Social Security Retirement Age Change: What Is Law and What Is Not
Quick answer
No new increase is law. The 1983 amendments already raised full retirement age from 65 to 67 in stages, ending with everyone born in 1960 or later, and that phase-in is now complete. Proposals to lift the age to 69 or 70 exist in Congress, but none has been enacted. Benefits remain claimable from 62.

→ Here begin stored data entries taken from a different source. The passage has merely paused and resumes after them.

(* Let $E\subset\mathbb{R}^d$ be such that $\chi_E\in W^{\eta,p}(\mathbb{R}^d)$ with $0<\eta<1$, $1\le p<\infty$, and $\eta p<1$. Then there exists a constant $C=C(\eta,p,d)$ such that $$\|\widehat{\chi_E}\|_{L^{\frac{2d}{d+\eta p},\infty}(\mathbb{R}^d)}\le C\,\|\chi_E\|_{W^{\eta,p}}^{p/2}.$$
   Context: $\chi_E$ is the characteristic function of $E$. $W^{\eta,p}(\mathbb{R}^d)$ is the space defined by the Gagliardo–Slobodeckij seminorm $\|\chi_E\|_{W^{\eta,p}}^p=\int_{\mathbb{R}^d}\int_{\mathbb{R}^d}\frac{|\chi_E(x)-\chi_E(y)|^p}{|x-y|^{d+\eta p}}\,dx\,dy$. The Fourier transform is $\widehat{f}(\xi)=\int e^{-2\pi i x\cdot\xi}f(x)\,dx$. For $1\le r<\infty$, $\|g\|_{L^{r,\infty}}=\sup_{t>0}t\,|\{x:|g(x)|>t\}|^{1/r}$. *)

theory Defs
  imports "HOL-Analysis.Analysis"
begin

definition fourier_transform :: "('a::euclidean_space \<Rightarrow> complex) \<Rightarrow> 'a \<Rightarrow> complex" where
  "fourier_transform f \<xi> = (LINT x|lebesgue. cis (- 2 * pi * (x \<bullet> \<xi>)) * f x)"

definition char_fun :: "'a set \<Rightarrow> 'a \<Rightarrow> complex" where
  "char_fun E x = (if x \<in> E then 1 else 0)"

definition ennreal_powr :: "ennreal \<Rightarrow> real \<Rightarrow> ennreal" where
  "ennreal_powr m a = (if m = \<infinity> then \<infinity> else ennreal (enn2real m powr a))"

definition weak_Lr_norm :: "real \<Rightarrow> ('a::euclidean_space \<Rightarrow> complex) \<Rightarrow> ennreal" where
  "weak_Lr_norm r g =
     (SUP t\<in>{0<..}. ennreal t * ennreal_powr (emeasure lebesgue {x. norm (g x) > t}) (1 / r))"

definition gagliardo_p :: "real \<Rightarrow> real \<Rightarrow> 'a::euclidean_space set \<Rightarrow> ennreal" where
  "gagliardo_p \<eta> p E =
     (\<integral>\<^sup>+ x. (\<integral>\<^sup>+ y. ennreal (norm (char_fun E x - char_fun E y) powr p
          / norm (x - y) powr (real DIM('a) + \<eta> * p)) \<partial>lebesgue) \<partial>lebesgue)"
lemma geodesic_nonbacktracking:
  assumes "geodesic d xs"
  shows "nonbacktracking d xs"
proof -
  have "xs ! i \<noteq> xs ! (i + 2)" if "i + 2 < length xs" for i
  proof
    assume eq: "xs ! i = xs ! (i + 2)"
    have decomp: "xs = take i xs @ xs ! i # xs ! (i + 1) # xs ! (i + 2) # drop (i + 3) xs"
      using that by (simp add: Cons_nth_drop_Suc numeral_3_eq_3)
    have "geodesic d (take i xs @ xs ! i # xs ! (i + 1) # xs ! (i + 2) # drop (i + 3) xs)"
      using assms by (simp only: flip: decomp)
    then show False
      by (simp only: eq[symmetric] not_geodesic_backtrack)
  qed
  with assms show ?thesis by (simp add: nonbacktracking_def geodesic_def)
qed

lemma nonbacktracking_map:
  assumes g: "aut d g" and xs: "nonbacktracking d xs"
  shows "nonbacktracking d (map g xs)"
proof -
  have walk: "xs \<noteq> []" "set xs \<subseteq> TV d" "successively (adj d) xs"
    using xs by (simp_all add: nonbacktracking_def walk_iff)
  have "successively (adj d) (map g xs)"
    unfolding successively_map using walk(3)
    by (rule successively_mono) (rule aut_adj[OF g])
  moreover have "g (xs ! i) \<noteq> g (xs ! (i + 2))" if i: "i + 2 < length xs" for i
  proof
    have "xs ! i \<in> TV d" "xs ! (i + 2) \<in> TV d"
      using i walk(2) by (meson add_lessD1 nth_mem subsetD)+
    moreover assume "g (xs ! i) = g (xs ! (i + 2))"
    ultimately have "xs ! i = xs ! (i + 2)"
      using aut_inj_on[OF g] by (meson inj_onD)
    with i xs show False by (simp add: nonbacktracking_def)
  qed
  moreover have "set (map g xs) \<subseteq> TV d"
    using walk(2) aut_in_TV[OF g] by auto
  ultimately show ?thesis
    using walk(1) by (simp add: nonbacktracking_def walk_iff)
qed

text \<open>A non-backtracking walk leaving the root must move away from it at every step, since
  the only neighbour of a vertex closer to the root is its parent.\<close>
lemma nonbacktracking_from_root:
  assumes nb: "nonbacktracking d zs" and root: "hd zs = []" and i: "i < length zs"
  shows "length (zs ! i) = i \<and> (\<forall>j\<le>i. zs ! j = take j (zs ! i))"
  using i
proof (induction i)
  case 0
  then show ?case using root by (simp add: hd_conv_nth)
next
  case (Suc i)
  then have "i < length zs" by simp
  then have len: "length (zs ! i) = i" and pre: "\<And>j. j \<le> i \<Longrightarrow> zs ! j = take j (zs ! i)"
    using Suc.IH by blast+
  have "adj d (zs ! i) (zs ! Suc i)"
    using nb Suc.prems by (simp add: nonbacktracking_def walk_def)
  then consider a where "zs ! Suc i = zs ! i @ [a]" | a where "zs ! i = zs ! Suc i @ [a]"
    by (auto simp: adj_def)
  then show ?case
  proof cases
    case 1
    have "zs ! j = take j (zs ! Suc i)" if "j \<le> Suc i" for j
      using that pre[of j] len 1 by (cases "j = Suc i") simp_all
    moreover have "length (zs ! Suc i) = Suc i" using 1 len by simp
    ultimately show ?thesis by blast
  next
    case (2 a)
    then obtain k where k: "i = Suc k" using len by (cases i) auto
    then have "zs ! k = zs ! (k + 2)" using 2 len pre[of k] by simp
    moreover have "k + 2 < length zs" using Suc.prems k by simp
    ultimately show ?thesis using nb by (simp add: nonbacktracking_def)
  qed
qed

Social Security full retirement age by year of birth
| Year of birth | Full retirement age | Benefit if claimed at 62 (% of full) |
|---|---|---|
| 1937 or earlier | 65 | 80% |
| 1938 | 65 and 2 months | 79.2% |
| 1939 | 65 and 4 months | 78.3% |
| 1940 | 65 and 6 months | 77.5% |
| 1941 | 65 and 8 months | 76.7% |
| 1942 | 65 and 10 months | 75.8% |
| 1943-1954 | 66 | 75% |
| 1955 | 66 and 2 months | 74.2% |
| 1956 | 66 and 4 months | 73.3% |
| 1957 | 66 and 6 months | 72.5% |
| 1958 | 66 and 8 months | 71.7% |
| 1959 | 66 and 10 months | 70.8% |
| 1960 and later | 67 | 70% |
The question behind every social security retirement age change search is the same: is the goalpost moving again? The answer splits cleanly into what is law and what is merely proposed. The law is the Social Security Amendments of 1983, signed on 20 April 1983, which raised the full retirement age from 65 to 67 in the birth-year steps shown in the table above. That schedule is now fully phased in: anyone born in 1960 or later has a full retirement age of 67, and the last cohort below 67 (born 1959, full retirement age 66 and 10 months) is reaching it now. Nothing in the table changes unless Congress passes a new law.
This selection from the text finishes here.